▸ Task
Every line of the material that mentions the word "bounds" should be copied out.

▸ Excerpted data
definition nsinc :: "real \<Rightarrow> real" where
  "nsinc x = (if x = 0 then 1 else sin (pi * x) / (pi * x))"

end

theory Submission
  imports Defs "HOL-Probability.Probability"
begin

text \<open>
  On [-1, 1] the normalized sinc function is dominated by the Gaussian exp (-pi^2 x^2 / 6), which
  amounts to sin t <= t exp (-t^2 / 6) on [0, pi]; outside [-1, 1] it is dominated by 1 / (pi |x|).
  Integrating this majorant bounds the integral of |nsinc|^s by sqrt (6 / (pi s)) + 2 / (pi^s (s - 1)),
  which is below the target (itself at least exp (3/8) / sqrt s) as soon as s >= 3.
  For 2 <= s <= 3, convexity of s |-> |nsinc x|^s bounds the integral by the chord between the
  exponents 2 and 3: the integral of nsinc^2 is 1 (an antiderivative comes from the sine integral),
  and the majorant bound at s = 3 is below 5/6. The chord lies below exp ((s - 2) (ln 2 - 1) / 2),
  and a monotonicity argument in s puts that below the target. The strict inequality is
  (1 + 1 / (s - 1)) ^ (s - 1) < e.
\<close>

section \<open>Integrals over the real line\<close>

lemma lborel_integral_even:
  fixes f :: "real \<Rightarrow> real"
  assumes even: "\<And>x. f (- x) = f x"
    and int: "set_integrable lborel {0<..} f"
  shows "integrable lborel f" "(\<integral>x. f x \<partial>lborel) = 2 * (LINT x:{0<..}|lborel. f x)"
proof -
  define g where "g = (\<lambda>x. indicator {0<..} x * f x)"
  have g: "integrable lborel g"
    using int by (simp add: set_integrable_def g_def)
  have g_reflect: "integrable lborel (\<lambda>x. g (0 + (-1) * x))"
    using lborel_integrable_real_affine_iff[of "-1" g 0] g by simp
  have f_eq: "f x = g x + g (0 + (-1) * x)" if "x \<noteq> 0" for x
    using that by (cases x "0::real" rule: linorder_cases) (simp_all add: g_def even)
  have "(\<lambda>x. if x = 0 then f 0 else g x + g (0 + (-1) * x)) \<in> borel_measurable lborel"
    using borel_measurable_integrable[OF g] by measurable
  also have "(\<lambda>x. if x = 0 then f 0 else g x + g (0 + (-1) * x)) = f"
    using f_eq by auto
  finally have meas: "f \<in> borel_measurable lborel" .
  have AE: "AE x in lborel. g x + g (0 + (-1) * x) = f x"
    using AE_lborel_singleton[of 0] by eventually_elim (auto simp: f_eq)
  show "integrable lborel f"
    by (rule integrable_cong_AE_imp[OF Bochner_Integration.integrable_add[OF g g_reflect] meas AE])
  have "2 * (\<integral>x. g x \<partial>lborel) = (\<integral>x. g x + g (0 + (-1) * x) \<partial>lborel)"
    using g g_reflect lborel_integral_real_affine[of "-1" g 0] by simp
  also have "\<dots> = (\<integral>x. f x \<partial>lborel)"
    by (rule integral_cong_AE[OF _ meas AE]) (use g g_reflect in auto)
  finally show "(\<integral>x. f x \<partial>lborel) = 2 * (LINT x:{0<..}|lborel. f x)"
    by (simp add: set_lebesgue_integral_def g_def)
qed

--

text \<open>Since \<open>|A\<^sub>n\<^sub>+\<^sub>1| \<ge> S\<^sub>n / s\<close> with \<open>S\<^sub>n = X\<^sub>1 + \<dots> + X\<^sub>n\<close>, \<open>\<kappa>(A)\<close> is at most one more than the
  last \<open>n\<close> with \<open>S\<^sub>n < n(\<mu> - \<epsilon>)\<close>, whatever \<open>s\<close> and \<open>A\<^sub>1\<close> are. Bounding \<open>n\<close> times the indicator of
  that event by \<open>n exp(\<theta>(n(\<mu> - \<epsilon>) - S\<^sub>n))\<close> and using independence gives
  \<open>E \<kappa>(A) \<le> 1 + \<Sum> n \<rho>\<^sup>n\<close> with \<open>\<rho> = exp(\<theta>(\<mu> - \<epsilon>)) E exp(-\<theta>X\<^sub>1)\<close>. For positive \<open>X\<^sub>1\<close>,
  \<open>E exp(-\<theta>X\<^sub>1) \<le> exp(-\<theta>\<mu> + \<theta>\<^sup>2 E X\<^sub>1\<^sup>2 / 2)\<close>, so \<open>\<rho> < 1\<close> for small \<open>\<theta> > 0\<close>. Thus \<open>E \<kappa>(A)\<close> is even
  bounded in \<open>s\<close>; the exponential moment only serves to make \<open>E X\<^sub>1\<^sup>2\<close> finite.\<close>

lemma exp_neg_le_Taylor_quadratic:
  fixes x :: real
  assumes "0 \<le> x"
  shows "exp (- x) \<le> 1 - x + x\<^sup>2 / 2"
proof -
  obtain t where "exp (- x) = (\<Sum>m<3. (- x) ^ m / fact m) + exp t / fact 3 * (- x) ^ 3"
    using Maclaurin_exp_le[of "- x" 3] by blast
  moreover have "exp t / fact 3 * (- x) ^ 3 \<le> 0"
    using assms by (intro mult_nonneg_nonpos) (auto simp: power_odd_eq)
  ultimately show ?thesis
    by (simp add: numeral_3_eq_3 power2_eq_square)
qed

...

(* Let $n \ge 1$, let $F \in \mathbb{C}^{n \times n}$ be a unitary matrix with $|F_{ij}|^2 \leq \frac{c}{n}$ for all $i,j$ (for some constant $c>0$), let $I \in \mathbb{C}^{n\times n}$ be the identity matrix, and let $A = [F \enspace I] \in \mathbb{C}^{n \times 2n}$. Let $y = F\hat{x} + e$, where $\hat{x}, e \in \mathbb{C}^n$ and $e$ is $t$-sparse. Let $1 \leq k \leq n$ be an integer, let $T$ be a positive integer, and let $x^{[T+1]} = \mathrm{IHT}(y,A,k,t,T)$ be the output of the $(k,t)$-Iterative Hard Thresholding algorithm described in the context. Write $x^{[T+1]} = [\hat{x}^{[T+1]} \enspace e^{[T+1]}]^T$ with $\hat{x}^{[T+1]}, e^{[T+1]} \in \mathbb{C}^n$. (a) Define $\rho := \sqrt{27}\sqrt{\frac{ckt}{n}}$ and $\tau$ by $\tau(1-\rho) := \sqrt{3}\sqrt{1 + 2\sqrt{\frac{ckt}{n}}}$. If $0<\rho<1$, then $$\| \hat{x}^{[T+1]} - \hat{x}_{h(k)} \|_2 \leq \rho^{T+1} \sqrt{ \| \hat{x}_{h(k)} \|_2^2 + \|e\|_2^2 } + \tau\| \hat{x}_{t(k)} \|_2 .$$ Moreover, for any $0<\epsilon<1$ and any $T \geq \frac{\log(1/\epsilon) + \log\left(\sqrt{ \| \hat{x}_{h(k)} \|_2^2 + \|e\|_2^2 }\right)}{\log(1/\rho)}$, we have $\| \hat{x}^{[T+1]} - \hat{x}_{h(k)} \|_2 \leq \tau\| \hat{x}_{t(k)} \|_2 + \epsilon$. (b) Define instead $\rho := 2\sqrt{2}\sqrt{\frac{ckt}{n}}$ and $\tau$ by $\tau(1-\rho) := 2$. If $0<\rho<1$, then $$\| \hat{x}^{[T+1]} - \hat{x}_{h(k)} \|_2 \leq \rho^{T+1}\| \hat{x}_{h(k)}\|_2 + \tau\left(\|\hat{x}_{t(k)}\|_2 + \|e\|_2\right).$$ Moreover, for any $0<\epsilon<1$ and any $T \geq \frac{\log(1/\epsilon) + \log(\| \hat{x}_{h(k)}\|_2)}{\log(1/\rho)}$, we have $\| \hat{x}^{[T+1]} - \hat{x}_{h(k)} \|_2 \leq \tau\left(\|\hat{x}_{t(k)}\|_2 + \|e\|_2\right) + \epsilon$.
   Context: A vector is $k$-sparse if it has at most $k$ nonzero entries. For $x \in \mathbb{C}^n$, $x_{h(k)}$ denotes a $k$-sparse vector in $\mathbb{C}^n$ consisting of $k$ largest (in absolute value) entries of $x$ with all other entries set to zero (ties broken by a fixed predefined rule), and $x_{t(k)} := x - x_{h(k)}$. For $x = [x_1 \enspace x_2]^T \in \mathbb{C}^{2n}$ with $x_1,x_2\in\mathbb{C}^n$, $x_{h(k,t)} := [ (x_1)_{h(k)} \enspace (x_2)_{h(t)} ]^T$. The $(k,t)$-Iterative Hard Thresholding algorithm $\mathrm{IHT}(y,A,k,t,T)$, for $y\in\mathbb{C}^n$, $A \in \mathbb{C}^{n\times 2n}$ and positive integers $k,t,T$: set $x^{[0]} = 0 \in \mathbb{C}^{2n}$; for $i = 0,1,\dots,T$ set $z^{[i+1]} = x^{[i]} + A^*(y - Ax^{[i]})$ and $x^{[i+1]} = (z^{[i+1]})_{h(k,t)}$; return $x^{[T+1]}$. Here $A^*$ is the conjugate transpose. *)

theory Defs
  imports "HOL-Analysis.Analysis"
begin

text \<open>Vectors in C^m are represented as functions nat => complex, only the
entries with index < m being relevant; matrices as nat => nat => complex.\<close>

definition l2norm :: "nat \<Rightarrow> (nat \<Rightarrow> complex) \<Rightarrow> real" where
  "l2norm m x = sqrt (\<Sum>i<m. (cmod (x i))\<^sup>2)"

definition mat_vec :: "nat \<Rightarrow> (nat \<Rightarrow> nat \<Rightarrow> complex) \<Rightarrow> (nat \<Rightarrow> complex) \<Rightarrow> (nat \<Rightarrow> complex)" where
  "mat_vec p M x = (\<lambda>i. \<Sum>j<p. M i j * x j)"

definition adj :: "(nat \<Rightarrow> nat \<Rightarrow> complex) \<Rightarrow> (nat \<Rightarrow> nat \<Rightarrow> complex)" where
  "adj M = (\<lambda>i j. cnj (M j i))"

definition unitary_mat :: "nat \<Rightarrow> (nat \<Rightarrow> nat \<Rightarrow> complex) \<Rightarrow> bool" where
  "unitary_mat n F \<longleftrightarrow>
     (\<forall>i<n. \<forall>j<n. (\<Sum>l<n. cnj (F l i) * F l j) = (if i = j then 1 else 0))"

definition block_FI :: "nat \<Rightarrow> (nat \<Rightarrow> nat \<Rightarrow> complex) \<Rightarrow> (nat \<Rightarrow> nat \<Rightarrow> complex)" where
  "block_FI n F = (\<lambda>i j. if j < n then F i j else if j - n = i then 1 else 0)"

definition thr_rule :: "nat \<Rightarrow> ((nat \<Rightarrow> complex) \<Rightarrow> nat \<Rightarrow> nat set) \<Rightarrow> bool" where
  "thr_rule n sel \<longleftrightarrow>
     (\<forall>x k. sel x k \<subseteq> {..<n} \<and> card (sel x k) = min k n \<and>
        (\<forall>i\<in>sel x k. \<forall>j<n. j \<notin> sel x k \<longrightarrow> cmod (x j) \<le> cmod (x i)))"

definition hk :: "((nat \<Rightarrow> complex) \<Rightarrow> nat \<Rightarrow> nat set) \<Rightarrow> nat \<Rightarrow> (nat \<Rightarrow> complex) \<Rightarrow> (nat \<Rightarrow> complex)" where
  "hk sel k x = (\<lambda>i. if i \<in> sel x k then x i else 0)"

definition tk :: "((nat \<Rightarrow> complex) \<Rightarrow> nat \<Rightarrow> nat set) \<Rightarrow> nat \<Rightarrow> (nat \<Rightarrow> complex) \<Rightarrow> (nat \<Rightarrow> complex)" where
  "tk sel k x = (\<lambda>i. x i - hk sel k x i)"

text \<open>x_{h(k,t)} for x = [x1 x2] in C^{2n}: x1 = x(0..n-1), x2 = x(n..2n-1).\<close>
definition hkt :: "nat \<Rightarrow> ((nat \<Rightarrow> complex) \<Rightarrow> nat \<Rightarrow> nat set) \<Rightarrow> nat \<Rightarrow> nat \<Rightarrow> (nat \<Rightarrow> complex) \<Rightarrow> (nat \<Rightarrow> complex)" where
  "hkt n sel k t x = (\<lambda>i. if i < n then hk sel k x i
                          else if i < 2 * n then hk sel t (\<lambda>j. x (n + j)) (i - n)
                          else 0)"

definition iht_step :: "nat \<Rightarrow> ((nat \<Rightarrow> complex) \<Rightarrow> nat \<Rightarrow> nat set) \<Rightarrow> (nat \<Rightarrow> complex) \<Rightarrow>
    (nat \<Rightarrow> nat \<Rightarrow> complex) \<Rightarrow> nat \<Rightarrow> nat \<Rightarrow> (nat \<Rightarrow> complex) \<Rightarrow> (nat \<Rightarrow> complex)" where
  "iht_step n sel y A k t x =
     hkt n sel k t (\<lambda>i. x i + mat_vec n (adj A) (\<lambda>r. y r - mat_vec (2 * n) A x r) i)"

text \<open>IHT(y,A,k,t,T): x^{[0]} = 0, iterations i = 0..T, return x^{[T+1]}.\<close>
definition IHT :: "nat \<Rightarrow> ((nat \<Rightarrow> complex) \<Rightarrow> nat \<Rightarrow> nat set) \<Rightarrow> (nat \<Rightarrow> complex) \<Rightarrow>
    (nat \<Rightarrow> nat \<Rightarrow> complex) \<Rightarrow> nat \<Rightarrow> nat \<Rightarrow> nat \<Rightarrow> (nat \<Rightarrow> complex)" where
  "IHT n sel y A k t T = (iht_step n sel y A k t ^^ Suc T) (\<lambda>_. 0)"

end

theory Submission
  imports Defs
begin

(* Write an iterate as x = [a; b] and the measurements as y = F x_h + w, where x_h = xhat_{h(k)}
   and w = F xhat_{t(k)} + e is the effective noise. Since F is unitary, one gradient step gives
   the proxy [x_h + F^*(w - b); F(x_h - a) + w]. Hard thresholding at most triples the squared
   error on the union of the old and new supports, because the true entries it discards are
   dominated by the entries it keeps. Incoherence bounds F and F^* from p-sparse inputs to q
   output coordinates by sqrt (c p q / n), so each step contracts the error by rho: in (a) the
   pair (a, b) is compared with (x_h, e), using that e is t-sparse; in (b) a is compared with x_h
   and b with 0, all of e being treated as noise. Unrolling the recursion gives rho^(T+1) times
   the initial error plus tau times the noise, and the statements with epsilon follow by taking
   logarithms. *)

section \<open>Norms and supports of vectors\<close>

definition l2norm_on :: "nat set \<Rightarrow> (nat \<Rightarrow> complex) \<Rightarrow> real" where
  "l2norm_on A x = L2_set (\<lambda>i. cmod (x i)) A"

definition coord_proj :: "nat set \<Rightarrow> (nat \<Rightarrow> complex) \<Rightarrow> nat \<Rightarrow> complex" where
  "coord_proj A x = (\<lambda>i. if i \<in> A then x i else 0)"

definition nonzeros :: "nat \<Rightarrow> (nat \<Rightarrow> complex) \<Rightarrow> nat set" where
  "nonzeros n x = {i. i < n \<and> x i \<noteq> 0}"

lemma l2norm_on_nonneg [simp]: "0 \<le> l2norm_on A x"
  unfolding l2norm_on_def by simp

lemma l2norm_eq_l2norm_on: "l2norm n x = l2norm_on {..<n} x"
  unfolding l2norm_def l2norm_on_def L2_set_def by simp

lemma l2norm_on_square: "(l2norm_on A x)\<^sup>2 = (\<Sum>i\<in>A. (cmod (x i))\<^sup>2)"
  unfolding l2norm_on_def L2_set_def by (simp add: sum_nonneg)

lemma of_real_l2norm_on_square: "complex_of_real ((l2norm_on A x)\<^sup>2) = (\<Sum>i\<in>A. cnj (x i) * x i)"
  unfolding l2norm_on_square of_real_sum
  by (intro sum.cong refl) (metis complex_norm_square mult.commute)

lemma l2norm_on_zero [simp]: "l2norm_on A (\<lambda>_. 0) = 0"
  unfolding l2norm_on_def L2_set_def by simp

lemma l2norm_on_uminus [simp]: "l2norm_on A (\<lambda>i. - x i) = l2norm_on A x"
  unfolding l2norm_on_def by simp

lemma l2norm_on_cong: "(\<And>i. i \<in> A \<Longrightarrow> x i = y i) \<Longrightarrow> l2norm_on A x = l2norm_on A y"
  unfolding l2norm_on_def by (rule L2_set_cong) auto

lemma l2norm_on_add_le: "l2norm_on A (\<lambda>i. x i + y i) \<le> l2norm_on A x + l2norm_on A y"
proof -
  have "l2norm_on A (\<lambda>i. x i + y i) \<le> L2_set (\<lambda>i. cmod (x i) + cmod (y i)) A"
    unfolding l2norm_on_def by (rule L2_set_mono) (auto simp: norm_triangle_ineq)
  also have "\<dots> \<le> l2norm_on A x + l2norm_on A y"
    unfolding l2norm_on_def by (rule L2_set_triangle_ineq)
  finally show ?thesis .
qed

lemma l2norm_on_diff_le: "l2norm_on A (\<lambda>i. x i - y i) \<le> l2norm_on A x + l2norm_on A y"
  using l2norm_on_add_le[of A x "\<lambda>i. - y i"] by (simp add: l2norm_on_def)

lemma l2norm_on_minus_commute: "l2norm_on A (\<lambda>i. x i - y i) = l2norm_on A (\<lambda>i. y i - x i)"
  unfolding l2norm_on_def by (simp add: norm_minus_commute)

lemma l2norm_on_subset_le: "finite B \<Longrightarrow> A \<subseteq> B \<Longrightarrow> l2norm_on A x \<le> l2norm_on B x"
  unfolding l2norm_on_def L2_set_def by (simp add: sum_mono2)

▸ Result of the exercise
  Integrating this majorant bounds the integral of |nsinc|^s by sqrt (6 / (pi s)) + 2 / (pi^s (s - 1)),
  For 2 <= s <= 3, convexity of s |-> |nsinc x|^s bounds the integral by the chord between the
   dominated by the entries it keeps. Incoherence bounds F and F^* from p-sparse inputs to q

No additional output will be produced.